Севка Кулеш покорно натирался вазелином, а Димка насвистывал «У самовара я и моя Маша». Лорка и Севка собирались плыть к Медведь-горе и попросили Димку сопровождать их на ялике. Димка согласился не потому, что их уважал: они для него что были, что не были. Просто у него были свои дела возле Медведь-горы. По городу прошел слух, что контрабандисты, удирая от пограничников, спрятали под водой в скалах амфору с розовым маслом. Димка несколько дней плавал к Медведь-горе и каждый день надеялся найти амфору.

С мола прибежал Лоркин братишка и сказал, что в море полно дельфинов.

Димка сказал:

— Провожаю до Медведь-горы. Назад пешком пойдете.

Он спрыгнул на горячую гальку и плечом навалился на нос ялика.

Лорка сказала:

— Можешь совсем не провожать.

Димка засмеялся.

— Не нравится? Давай плыви. До Медведь-горы провожу.

А еще было так. Лорку в горах укусила змея.

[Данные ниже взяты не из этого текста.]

lemma codim1_ideal_decomp:
  assumes I: "two_sided_ideal sc I" and codim: "quot_dim_eq sc UNIV I 1"
  shows "\<exists>i c. i \<in> I \<and> r = i + sc c 1"
proof -
  have I_sub: "subspace I" using I by (simp add: two_sided_ideal_def)
  obtain W where W: "subspace W" "{u + w | u w. u \<in> I \<and> w \<in> W} = UNIV" "dim W = 1"
    using codim unfolding quot_dim_eq_def by blast
  obtain B where B: "B \<subseteq> W" "independent B" "W \<subseteq> span B" "card B = dim W"
    by (rule basis_exists)
  then obtain w where "B = {w}" using W(3) by (metis card_1_singletonE)
  then have W_line: "W \<subseteq> range (\<lambda>c. sc c w)" using B(3) span_singleton by auto
  have decomp_w: "\<exists>i c. i \<in> I \<and> x = i + sc c w" for x
  proof -
    obtain i v where "i \<in> I" "v \<in> W" "x = i + v" using W(2) by blast
    then show ?thesis using W_line by blast
  qed
  obtain i1 c1 where i1: "i1 \<in> I" "1 = i1 + sc c1 w" using decomp_w by blast
  have "c1 \<noteq> 0" using i1 codim1_ideal_one_notin[OF I codim] by auto
  obtain i c where ic: "i \<in> I" "r = i + sc c w" using decomp_w by blast
  have "sc c1 w = 1 - i1" using i1(2) by (metis add_diff_cancel_left')
  then have "sc (c / c1) (1 - i1) = sc (c / c1 * c1) w" by (metis scale_scale)
  also have "\<dots> = sc c w" using \<open>c1 \<noteq> 0\<close> by simp
  finally have "sc c w = sc (c / c1) (1 - i1)" ..
  then have "r = (i - sc (c / c1) i1) + sc (c / c1) 1"
    using ic(2) by (simp add: scale_right_diff_distrib)
  moreover have "i - sc (c / c1) i1 \<in> I" using ic(1) i1(1) I_sub by (simp add: subspace_diff subspace_scale)
  ultimately show ?thesis by blast
qed

lemma mult_span_insert_one:
  assumes I: "two_sided_ideal sc I" and Phi: "Phi \<subseteq> I"
    and x: "x \<in> span (insert 1 Phi)" and y: "y \<in> span (insert 1 Phi)"
  shows "x * y \<in> {q + u | q u. q \<in> ideal_square sc I \<and> u \<in> span (insert 1 Phi)}"
proof -
  obtain a b where a: "x - sc a 1 \<in> span Phi" and b: "y - sc b 1 \<in> span Phi"
    using x y by (auto simp: span_insert)
  define x' y' where "x' = x - sc a 1" and "y' = y - sc b 1"
  have "span Phi \<subseteq> I" using Phi I span_minimal by (simp add: two_sided_ideal_def)
  then have "x' * y' \<in> ideal_square sc I"
    using a b by (simp add: x'_def y'_def mult_mem_ideal_square subsetD)
  moreover have "sc b x' + sc a y' + sc (a * b) 1 \<in> span (insert 1 Phi)"
  proof -
    have "x' \<in> span (insert 1 Phi)" "y' \<in> span (insert 1 Phi)" "1 \<in> span (insert 1 Phi)"
      using a b span_mono[of Phi "insert 1 Phi"] by (auto simp: x'_def y'_def span_base)
    then show ?thesis by (intro span_add span_scale)
  qed
  moreover have "x * y = x' * y' + (sc b x' + sc a y' + sc (a * b) 1)"
    by (simp add: x'_def y'_def algebra_simps scale_one_mult mult_scale_one
        scale_right_diff_distrib)
  ultimately show ?thesis by blast
qed

text \<open>Every product of elements of \<open>V\<close> lies in \<open>I\<^sup>2 + span Phi + k 1\<close>; for elements of \<open>I\<close>
  the \<open>k 1\<close> part vanishes because \<open>1 \<notin> I\<close>.\<close>

lemma codim1_ideal_cover:
  assumes I: "two_sided_ideal sc I" and codim: "quot_dim_eq sc UNIV I 1"
    and gen: "span {prod_list xs | xs. set xs \<subseteq> V} = UNIV"
    and Phi: "Phi \<subseteq> I" and V: "V \<subseteq> span (insert 1 Phi)"
  shows "I \<subseteq> {q + s | q s. q \<in> ideal_square sc I \<and> s \<in> span Phi}"
proof
  define M where "M = {q + u | q u. q \<in> ideal_square sc I \<and> u \<in> span (insert 1 Phi)}"
  have M: "subspace M" unfolding M_def by (simp add: subspace_sums subspace_ideal_square)
  have mult_M: "x * y \<in> M" if "x \<in> V" "y \<in> M" for x y
  proof -
    obtain q u where qu: "q \<in> ideal_square sc I" "u \<in> span (insert 1 Phi)" "y = q + u"
      using \<open>y \<in> M\<close> unfolding M_def by blast
    have "x * q + 0 \<in> M"
      using ideal_square_mult_left[OF I qu(1)] span_zero unfolding M_def by blast
    moreover have "x * u \<in> M"
      using mult_span_insert_one[OF I Phi _ qu(2)] V that(1) unfolding M_def by blast
    ultimately have "x * q + x * u \<in> M" using subspace_add[OF M] by simp
    then show ?thesis by (simp add: qu(3) distrib_left)
  qed
  have "prod_list xs \<in> M" if "set xs \<subseteq> V" for xs
    using that
  proof (induction xs)
    case Nil
    have "0 \<in> ideal_square sc I" "1 \<in> span (insert 1 Phi)"
      by (simp_all add: ideal_square_def span_zero span_base)
    then have "0 + 1 \<in> M" unfolding M_def by blast
    then show ?case by simp
  qed (simp add: mult_M)
  then have "span {prod_list xs | xs. set xs \<subseteq> V} \<subseteq> M" by (intro span_minimal[OF _ M]) blast
  then have M_UNIV: "M = UNIV" using gen by blast
  fix x assume "x \<in> I"
  obtain q u where qu: "q \<in> ideal_square sc I" "u \<in> span (insert 1 Phi)" "x = q + u"
    using M_UNIV unfolding M_def by blast
  obtain e where e: "u - sc e 1 \<in> span Phi" using qu(2) unfolding span_insert by blast
  have I_sub: "subspace I" using I by (simp add: two_sided_ideal_def)
  have "u - sc e 1 \<in> I" using e Phi I_sub span_minimal by blast
  moreover have "q \<in> I" using qu(1) ideal_square_subset[OF I] by blast
  ultimately have "x - q - (u - sc e 1) \<in> I"
    using \<open>x \<in> I\<close> subspace_diff[OF I_sub] by blast
  then have e1: "sc e 1 \<in> I" by (simp add: qu(3))
  have "e = 0"
  proof (rule ccontr)
    assume "e \<noteq> 0"
    then have "sc (1 / e) (sc e 1) = 1" by simp
    then show False
      using subspace_scale[OF I_sub e1, of "1 / e"] codim1_ideal_one_notin[OF I codim] by simp
  qed
  then show "x \<in> {q + s | q s. q \<in> ideal_square sc I \<and> s \<in> span Phi}" using qu e by auto
qed
lemma norm_diff_Basis_projection:
  fixes y b :: "'a::euclidean_space"
  assumes "b \<in> Basis"
  shows "norm (y - (y \<bullet> b) *\<^sub>R b) = sqrt (\<Sum>c\<in>Basis - {b}. (y \<bullet> c)\<^sup>2)"
proof -
  have "norm (y - (y \<bullet> b) *\<^sub>R b) = sqrt (\<Sum>c\<in>Basis. ((y - (y \<bullet> b) *\<^sub>R b) \<bullet> c)\<^sup>2)"
    unfolding norm_eq_sqrt_inner euclidean_inner[of "y - (y \<bullet> b) *\<^sub>R b" "y - (y \<bullet> b) *\<^sub>R b"] by (simp only: power2_eq_square)
  also have "(\<Sum>c\<in>Basis. ((y - (y \<bullet> b) *\<^sub>R b) \<bullet> c)\<^sup>2) = (\<Sum>c\<in>Basis. if c = b then 0 else (y \<bullet> c)\<^sup>2)"
    using assms by (intro sum.cong) (auto simp: inner_diff_left inner_Basis)
  also have "\<dots> = (\<Sum>c\<in>Basis - {b}. (y \<bullet> c)\<^sup>2)"
    by (simp add: sum.If_cases Diff_eq)
  finally show ?thesis .
qed

lemma emeasure_axial_cone_Basis:
  fixes b :: "'a::euclidean_space"
  assumes b: "b \<in> Basis" and r: "r > 0"
  shows "emeasure lborel (axial_cone b r) = ennreal (unit_ball_vol (DIM('a) - 1) * r ^ (DIM('a) - 1) / DIM('a))"
proof -
  define A where "A = Basis - {b}"
  have A: "finite A" "b \<notin> A" "insert b A = Basis" "card A = DIM('a) - 1"
    using b by (auto simp: A_def)
  have coord: "(\<Sum>c\<in>Basis. f c *\<^sub>R c) \<bullet> b' = f b'" if "b' \<in> Basis" for f and b' :: 'a
    using that by (simp add: inner_sum_left inner_Basis if_distrib[of "\<lambda>x. _ * x"] sum.delta cong: if_cong)
  have "emeasure lborel (axial_cone b r) = emeasure (Pi\<^sub>M Basis (\<lambda>_. lborel))
      ((\<lambda>f. \<Sum>c\<in>Basis. f c *\<^sub>R c) -` axial_cone b r \<inter> space (Pi\<^sub>M Basis (\<lambda>_. lborel)))"
    by (subst lborel_eq) (simp add: emeasure_distr closed_axial_cone borel_closed)
  also have "(\<lambda>f. \<Sum>c\<in>Basis. f c *\<^sub>R c) -` axial_cone b r \<inter> space (Pi\<^sub>M Basis (\<lambda>_. lborel))
      = {f \<in> space (Pi\<^sub>M Basis (\<lambda>_. lborel)). 0 \<le> f b \<and> f b \<le> 1 \<and> sqrt (\<Sum>c\<in>A. (f c)\<^sup>2) \<le> r * f b}"
    using b A(3) by (auto simp: axial_cone_def norm_diff_Basis_projection coord A_def)
  also have "emeasure (Pi\<^sub>M Basis (\<lambda>_. lborel)) \<dots> = ennreal (unit_ball_vol (card A) * r ^ card A / Suc (card A))"
    using emeasure_PiM_cone[OF A(1,2) r] by (simp only: A(3))
  finally show ?thesis
    using A by simp
qed

lemma orthogonal_image_axial_cone:
  fixes g :: "'a::euclidean_space \<Rightarrow> 'a"
  assumes g: "orthogonal_transformation g"
  shows "g ` axial_cone u r = axial_cone (g u) r"
proof -
  have mem: "g x \<in> axial_cone (g u) r \<longleftrightarrow> x \<in> axial_cone u r" for x
  proof -
    have "g x \<bullet> g u = x \<bullet> u"
      using g by (simp add: orthogonal_transformation_def)
    moreover have "g x - (x \<bullet> u) *\<^sub>R g u = g (x - (x \<bullet> u) *\<^sub>R u)"
      using orthogonal_transformation_linear[OF g] by (simp add: linear_diff linear_cmul)
    ultimately show ?thesis
      using g by (simp add: axial_cone_def orthogonal_transformation_norm)
  qed
  show ?thesis
  proof (intro equalityI subsetI)
    fix y
    assume "y \<in> axial_cone (g u) r"
    moreover obtain x where "y = g x"
      using orthogonal_transformation_surj[OF g] by (metis surjD)
    ultimately show "y \<in> g ` axial_cone u r"
      using mem by auto
  qed (use mem in auto)
qed

lemma emeasure_axial_cone_le:
  fixes u :: "'a::euclidean_space"
  assumes u: "norm u = 1" and r: "r > 0"
  shows "emeasure lborel (axial_cone u r) \<le> ennreal (unit_ball_vol (DIM('a) - 1) * r ^ (DIM('a) - 1) / DIM('a))"
proof -
  obtain b :: 'a where b: "b \<in> Basis"
    using nonempty_Basis by blast
  with u obtain g where g: "orthogonal_transformation g" "g b = u"
    by (metis norm_Basis orthogonal_transformation_exists_euclidean)
  have "emeasure lborel (axial_cone u r) = emeasure lebesgue (g ` axial_cone b r)"
    using g by (simp add: orthogonal_image_axial_cone closed_axial_cone borel_closed)
  also have "\<dots> \<le> emeasure lebesgue (axial_cone b r)"
    using g(1) by (rule emeasure_orthogonal_image_le) (simp add: closed_axial_cone borel_closed)
  also have "\<dots> = emeasure lborel (axial_cone b r)"
    by (simp add: closed_axial_cone borel_closed)
  also have "\<dots> = ennreal (unit_ball_vol (DIM('a) - 1) * r ^ (DIM('a) - 1) / DIM('a))"
    using b r by (rule emeasure_axial_cone_Basis)
  finally show ?thesis .
qed

lemma norm_diff_le_imp_inner_ge:
  fixes u y :: "'a::real_inner"
  assumes "norm u = 1" "norm y = 1" "norm (y - u) \<le> \<epsilon>"
  shows "1 - \<epsilon>\<^sup>2 / 2 \<le> y \<bullet> u"
proof -
  have "y \<bullet> y = 1" "u \<bullet> u = 1"
    using assms(1,2) by (simp_all add: dot_square_norm)
  then have "(norm (y - u))\<^sup>2 = 2 - 2 * (y \<bullet> u)"
    by (simp add: power2_norm_eq_inner inner_diff_left inner_diff_right inner_commute)
  moreover have "(norm (y - u))\<^sup>2 \<le> \<epsilon>\<^sup>2"
    using assms(3) by (simp add: power_mono)
  ultimately show ?thesis by simp
qed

Она стояла на камнях и, пригнув ветку, рвала орехи. Димка был близко, но ничего не видел. Он только услышал, как Лорка вскрикнула. Димка оглянулся: Лорка сидела под камнем.

— Ногу подвернула? — спросил он.

Он подошел. Лорка прижала руку к ноге выше колена и смотрела на него. Димка никогда не видел таких бледных лиц. Лоркино лицо было белое, как бумага, и на нем темные, испуганные глаза.

— Змея укусила, — сказала она.

Димка не поверил:

— Покажи.

Лорка покачала головой и быстро опустила подол юбки. Но Димка заметил на загорелой коже две кровоточащие ранки.

— Нет, — сказала Лорка.

Она все время говорила:

— Нет... Не надо, — а потом заплакала.

Димка ее не слушал. Он стоял на коленях; стоять коленями на камнях было очень неудобно: колени то и дело соскальзывали. Он торопливо отсасывал губами и сплевывал кровь из Лоркиной ноги. Потом он накалил на спичке лезвие перочинного ножа.

— Я сама. Отвернись, — сказала Лорка.

Димка отвернулся. Лорка застонала, а у него дрожали руки, когда он снимал с брюк пояс, чтобы перетянуть Лоркину ногу.

Возле горного ключа пассажир с кинокамерой попросил шофера остановить «ЗИЛ».

— Никто не возражает? — спросил шофер.

На широкой обочине стояло несколько машин. Струя воды лилась в каменную чашу и вытекала по другую сторону шоссе.

Сибирячка сказала:

— У нас в Саянах родники получше. — Она полоскала бутылку из-под лимонада.

Дмитрий Сергеевич подошел к краю дороги и смотрел, как вода стекала вниз по камням. Море было далеко внизу, темно-синее с белым прибоем. Но шум моря не был слышен на такой высоте. На край дороги подошла жена пассажира с кинокамерой. Подошла и ахнула.

— Костик, пейзаж — очарование! Иди посмотри, — сказала она.

— Хватит пейзажа. Главное — люди, — ответил Костик.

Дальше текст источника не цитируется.